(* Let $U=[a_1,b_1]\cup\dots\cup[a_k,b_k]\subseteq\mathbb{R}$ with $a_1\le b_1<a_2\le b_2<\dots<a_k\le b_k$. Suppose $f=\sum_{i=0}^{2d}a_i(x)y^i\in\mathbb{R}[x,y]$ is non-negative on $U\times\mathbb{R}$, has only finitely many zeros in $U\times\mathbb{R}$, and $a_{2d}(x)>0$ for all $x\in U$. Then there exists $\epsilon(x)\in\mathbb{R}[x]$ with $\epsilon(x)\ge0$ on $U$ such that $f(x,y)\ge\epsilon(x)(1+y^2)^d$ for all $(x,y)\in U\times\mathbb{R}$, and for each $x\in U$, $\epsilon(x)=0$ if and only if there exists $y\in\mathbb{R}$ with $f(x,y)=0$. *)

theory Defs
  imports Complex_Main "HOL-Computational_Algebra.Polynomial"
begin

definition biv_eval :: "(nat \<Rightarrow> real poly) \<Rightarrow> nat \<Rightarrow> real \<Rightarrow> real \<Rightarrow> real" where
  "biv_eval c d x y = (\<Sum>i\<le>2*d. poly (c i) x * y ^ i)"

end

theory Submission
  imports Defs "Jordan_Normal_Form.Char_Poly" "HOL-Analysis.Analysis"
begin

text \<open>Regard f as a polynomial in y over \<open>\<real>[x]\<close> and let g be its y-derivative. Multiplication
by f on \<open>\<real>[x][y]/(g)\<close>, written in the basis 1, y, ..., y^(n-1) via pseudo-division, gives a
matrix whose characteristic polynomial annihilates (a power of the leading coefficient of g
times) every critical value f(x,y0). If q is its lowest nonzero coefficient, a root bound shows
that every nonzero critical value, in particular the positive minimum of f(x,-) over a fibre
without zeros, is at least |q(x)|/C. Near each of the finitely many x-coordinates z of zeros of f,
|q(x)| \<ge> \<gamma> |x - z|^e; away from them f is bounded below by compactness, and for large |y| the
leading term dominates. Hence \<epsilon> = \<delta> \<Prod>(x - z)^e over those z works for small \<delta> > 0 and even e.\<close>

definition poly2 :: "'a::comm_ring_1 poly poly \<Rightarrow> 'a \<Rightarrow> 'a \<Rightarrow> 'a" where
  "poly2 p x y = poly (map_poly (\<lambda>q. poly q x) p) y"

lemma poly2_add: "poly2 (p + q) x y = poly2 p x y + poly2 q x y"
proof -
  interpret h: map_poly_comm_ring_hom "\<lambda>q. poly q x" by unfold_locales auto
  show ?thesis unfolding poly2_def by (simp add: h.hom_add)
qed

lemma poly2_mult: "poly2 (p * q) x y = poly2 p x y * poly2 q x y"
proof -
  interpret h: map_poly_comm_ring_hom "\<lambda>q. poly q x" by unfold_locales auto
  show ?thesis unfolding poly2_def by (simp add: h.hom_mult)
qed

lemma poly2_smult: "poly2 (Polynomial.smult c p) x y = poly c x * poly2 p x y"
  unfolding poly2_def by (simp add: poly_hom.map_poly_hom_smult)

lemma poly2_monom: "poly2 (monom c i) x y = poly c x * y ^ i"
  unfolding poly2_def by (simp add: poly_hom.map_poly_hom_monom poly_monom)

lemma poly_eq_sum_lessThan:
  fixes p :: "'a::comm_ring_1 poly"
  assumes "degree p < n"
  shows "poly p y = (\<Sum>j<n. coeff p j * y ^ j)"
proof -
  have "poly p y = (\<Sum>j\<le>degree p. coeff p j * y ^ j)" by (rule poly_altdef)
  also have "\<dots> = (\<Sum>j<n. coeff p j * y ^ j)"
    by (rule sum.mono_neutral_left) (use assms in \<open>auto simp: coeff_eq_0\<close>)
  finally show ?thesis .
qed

------------------------------

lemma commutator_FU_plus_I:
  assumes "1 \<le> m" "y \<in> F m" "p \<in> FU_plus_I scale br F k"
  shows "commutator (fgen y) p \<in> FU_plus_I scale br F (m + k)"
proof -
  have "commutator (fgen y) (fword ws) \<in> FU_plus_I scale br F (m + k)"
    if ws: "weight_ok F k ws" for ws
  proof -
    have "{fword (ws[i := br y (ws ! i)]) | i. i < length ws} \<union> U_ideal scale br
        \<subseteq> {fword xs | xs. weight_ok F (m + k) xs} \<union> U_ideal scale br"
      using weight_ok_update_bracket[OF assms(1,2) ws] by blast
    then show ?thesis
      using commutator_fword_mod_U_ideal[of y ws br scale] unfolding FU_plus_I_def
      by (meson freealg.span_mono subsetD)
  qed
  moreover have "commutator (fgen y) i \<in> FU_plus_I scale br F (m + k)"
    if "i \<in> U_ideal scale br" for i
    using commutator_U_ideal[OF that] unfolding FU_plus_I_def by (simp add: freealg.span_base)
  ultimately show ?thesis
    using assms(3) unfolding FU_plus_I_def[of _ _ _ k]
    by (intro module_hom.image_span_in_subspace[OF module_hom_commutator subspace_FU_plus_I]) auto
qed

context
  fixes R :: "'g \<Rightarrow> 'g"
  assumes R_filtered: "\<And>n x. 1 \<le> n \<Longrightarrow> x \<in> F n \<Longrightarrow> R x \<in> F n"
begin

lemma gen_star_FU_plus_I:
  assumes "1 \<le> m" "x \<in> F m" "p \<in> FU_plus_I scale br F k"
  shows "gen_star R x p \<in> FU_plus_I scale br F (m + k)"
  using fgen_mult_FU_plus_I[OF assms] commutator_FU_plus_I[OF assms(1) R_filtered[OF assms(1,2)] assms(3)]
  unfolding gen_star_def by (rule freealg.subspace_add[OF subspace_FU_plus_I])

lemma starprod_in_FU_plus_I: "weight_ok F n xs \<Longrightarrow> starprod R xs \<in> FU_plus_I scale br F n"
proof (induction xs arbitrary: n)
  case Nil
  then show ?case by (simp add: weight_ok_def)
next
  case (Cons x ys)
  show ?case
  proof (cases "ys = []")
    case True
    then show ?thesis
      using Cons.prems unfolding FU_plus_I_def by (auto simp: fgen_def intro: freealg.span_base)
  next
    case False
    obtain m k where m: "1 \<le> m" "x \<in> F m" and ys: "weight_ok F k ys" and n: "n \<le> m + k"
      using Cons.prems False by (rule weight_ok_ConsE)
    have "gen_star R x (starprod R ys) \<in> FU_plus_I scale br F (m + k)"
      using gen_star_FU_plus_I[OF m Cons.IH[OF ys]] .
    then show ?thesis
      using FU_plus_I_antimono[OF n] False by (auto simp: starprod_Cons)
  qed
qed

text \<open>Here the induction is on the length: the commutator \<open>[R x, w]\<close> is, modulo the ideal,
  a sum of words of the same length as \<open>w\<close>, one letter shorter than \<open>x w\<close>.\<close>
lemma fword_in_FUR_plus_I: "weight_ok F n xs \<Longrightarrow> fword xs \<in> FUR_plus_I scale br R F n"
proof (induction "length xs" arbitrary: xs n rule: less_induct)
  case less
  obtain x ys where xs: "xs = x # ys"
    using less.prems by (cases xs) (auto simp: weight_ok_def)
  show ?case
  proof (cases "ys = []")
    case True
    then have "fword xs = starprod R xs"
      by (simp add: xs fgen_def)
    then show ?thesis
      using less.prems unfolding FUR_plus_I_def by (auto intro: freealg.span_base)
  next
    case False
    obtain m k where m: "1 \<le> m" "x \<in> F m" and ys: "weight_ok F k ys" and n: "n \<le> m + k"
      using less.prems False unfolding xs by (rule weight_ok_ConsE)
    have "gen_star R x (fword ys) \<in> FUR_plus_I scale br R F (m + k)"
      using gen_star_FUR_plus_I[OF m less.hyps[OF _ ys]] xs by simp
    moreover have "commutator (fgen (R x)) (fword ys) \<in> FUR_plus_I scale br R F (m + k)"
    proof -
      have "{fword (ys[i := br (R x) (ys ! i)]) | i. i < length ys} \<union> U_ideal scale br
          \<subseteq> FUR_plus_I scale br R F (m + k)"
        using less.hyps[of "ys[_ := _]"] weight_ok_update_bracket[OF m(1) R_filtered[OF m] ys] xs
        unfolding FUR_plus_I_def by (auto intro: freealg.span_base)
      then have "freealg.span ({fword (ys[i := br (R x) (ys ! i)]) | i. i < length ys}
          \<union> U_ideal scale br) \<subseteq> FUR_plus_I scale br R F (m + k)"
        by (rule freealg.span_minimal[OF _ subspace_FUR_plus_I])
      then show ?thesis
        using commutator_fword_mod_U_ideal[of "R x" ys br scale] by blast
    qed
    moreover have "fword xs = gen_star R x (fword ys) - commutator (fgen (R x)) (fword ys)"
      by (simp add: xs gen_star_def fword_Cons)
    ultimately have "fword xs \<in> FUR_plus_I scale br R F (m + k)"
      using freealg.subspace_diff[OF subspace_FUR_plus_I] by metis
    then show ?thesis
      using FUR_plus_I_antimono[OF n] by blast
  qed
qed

------------------------------

- About this task:
Among the records above, find each line holding "definition" and list it.

- Answer for the task:
definition biv_eval :: "(nat \<Rightarrow> real poly) \<Rightarrow> nat \<Rightarrow> real \<Rightarrow> real \<Rightarrow> real" where
definition poly2 :: "'a::comm_ring_1 poly poly \<Rightarrow> 'a \<Rightarrow> 'a \<Rightarrow> 'a" where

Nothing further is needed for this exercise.